# What you have to do
Reproduce the listing below exactly, from its first line down to and including the line with "n1 \<sigma>1 \<sigma>2 i)\<^sup>2".

# Input data
* * * * *
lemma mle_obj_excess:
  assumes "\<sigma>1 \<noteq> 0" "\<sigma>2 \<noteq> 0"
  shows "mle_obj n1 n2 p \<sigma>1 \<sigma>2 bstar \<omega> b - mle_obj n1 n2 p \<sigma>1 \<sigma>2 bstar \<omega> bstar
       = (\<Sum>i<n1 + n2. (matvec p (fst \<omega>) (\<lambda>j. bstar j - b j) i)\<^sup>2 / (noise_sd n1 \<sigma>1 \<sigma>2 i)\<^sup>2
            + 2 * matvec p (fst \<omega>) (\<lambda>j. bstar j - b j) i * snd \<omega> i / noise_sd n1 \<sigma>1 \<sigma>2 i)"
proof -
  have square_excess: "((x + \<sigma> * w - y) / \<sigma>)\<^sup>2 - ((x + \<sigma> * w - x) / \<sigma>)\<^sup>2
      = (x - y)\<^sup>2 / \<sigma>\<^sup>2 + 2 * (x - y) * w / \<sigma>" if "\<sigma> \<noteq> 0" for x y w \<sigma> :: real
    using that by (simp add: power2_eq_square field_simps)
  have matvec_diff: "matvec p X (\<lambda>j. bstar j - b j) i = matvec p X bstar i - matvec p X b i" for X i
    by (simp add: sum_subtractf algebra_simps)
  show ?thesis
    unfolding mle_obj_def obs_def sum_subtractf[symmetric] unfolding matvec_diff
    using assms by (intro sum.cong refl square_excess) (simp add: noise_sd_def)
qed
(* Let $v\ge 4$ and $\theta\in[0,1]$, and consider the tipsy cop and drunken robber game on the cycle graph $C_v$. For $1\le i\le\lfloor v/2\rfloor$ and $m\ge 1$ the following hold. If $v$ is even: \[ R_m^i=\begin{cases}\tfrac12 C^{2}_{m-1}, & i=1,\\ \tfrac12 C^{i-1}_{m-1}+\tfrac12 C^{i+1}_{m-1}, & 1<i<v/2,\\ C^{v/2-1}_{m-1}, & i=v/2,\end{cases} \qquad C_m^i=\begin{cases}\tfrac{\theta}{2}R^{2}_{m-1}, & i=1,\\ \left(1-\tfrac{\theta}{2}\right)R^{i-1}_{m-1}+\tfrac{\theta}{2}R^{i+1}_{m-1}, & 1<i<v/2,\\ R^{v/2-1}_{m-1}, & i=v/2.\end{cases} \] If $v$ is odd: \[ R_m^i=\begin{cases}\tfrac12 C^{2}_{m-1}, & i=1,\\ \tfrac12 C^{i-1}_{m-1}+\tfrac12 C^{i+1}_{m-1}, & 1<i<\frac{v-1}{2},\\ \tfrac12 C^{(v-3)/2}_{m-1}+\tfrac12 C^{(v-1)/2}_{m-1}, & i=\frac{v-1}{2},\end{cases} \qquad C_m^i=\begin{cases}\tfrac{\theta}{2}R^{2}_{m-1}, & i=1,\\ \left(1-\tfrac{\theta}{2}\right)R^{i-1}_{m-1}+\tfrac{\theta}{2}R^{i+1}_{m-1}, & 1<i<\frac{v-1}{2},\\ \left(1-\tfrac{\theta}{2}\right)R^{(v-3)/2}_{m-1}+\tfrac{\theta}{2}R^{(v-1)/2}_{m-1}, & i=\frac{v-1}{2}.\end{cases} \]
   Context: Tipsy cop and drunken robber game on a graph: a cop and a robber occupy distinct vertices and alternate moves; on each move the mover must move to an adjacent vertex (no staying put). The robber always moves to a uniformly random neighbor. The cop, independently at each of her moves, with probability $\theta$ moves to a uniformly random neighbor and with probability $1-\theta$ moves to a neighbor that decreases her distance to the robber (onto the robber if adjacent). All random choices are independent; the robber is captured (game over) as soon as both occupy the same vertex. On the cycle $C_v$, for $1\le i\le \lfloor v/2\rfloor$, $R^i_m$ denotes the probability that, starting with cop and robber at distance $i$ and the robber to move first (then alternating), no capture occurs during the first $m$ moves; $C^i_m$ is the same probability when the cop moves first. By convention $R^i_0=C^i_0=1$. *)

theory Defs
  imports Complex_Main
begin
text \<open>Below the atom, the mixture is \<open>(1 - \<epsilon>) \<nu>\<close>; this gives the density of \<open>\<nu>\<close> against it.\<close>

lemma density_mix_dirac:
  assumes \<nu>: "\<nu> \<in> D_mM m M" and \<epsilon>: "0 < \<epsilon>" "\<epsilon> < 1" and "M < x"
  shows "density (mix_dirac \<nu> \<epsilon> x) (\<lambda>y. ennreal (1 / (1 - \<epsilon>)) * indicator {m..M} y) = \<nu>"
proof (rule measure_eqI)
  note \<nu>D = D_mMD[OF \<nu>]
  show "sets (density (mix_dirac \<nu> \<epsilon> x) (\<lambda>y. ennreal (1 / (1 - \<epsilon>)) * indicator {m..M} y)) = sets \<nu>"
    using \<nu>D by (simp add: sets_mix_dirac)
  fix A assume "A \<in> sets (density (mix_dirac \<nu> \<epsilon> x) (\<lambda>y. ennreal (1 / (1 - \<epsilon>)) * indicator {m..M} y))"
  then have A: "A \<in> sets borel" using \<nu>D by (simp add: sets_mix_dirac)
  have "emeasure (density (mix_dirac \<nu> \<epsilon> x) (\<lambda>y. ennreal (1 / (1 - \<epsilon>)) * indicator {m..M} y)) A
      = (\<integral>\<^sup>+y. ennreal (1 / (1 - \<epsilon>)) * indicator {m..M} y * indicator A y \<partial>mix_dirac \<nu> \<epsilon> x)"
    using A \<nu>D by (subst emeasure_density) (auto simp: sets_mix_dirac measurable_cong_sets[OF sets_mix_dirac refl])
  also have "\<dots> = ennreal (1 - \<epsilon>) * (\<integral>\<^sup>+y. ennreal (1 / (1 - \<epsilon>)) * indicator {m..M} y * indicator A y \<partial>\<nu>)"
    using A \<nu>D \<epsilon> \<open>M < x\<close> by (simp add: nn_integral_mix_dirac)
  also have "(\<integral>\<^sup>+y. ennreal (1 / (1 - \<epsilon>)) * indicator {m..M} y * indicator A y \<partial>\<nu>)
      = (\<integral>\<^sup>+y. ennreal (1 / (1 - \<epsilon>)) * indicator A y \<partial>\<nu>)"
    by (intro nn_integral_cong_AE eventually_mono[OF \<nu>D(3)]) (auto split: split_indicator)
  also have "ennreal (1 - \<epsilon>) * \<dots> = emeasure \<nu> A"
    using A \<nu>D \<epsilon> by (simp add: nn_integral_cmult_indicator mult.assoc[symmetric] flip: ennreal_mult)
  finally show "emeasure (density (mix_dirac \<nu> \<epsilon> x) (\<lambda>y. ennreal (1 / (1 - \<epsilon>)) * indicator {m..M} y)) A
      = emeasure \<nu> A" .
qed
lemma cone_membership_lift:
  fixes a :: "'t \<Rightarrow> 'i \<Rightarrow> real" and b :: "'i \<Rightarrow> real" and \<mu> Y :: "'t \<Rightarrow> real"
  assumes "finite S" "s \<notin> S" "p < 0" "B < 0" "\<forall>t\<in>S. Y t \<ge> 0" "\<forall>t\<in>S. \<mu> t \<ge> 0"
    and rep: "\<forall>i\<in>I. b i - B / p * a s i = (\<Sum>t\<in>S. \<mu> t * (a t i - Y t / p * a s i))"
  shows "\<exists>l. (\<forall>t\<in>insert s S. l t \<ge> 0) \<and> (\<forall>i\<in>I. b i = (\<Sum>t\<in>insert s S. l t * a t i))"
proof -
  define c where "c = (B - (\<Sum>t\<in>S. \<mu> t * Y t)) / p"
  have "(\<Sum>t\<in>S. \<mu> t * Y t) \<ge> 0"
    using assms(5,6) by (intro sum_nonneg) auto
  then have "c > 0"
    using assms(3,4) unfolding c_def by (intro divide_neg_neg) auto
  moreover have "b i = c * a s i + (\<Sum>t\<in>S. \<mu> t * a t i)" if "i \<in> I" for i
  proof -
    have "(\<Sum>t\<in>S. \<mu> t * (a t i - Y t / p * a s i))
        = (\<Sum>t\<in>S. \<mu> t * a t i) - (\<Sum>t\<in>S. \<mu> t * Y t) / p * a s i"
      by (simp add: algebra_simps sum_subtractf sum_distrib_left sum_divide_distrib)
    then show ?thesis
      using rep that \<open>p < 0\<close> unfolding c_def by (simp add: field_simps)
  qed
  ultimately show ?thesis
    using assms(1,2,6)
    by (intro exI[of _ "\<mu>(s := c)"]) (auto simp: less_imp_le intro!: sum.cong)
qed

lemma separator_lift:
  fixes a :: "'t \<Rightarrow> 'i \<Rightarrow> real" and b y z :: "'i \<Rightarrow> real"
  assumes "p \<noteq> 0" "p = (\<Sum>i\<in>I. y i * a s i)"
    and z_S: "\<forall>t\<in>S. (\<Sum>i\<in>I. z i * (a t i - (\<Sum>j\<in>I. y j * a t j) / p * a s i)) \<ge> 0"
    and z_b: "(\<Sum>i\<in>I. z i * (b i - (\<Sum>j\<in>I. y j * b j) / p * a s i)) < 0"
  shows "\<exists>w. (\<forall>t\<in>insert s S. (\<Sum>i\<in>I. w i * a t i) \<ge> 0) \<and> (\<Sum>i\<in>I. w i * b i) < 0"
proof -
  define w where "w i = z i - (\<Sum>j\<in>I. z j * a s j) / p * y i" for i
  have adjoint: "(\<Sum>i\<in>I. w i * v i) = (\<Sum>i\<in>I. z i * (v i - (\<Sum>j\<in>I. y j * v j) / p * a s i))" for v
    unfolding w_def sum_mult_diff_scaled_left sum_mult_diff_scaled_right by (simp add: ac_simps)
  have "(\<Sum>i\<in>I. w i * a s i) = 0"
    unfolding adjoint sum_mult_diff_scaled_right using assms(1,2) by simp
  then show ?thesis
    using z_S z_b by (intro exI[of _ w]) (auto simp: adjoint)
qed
* * * * *
# Expected answer
lemma mle_obj_excess:
  assumes "\<sigma>1 \<noteq> 0" "\<sigma>2 \<noteq> 0"
  shows "mle_obj n1 n2 p \<sigma>1 \<sigma>2 bstar \<omega> b - mle_obj n1 n2 p \<sigma>1 \<sigma>2 bstar \<omega> bstar
       = (\<Sum>i<n1 + n2. (matvec p (fst \<omega>) (\<lambda>j. bstar j - b j) i)\<^sup>2 / (noise_sd n1 \<sigma>1 \<sigma>2 i)\<^sup>2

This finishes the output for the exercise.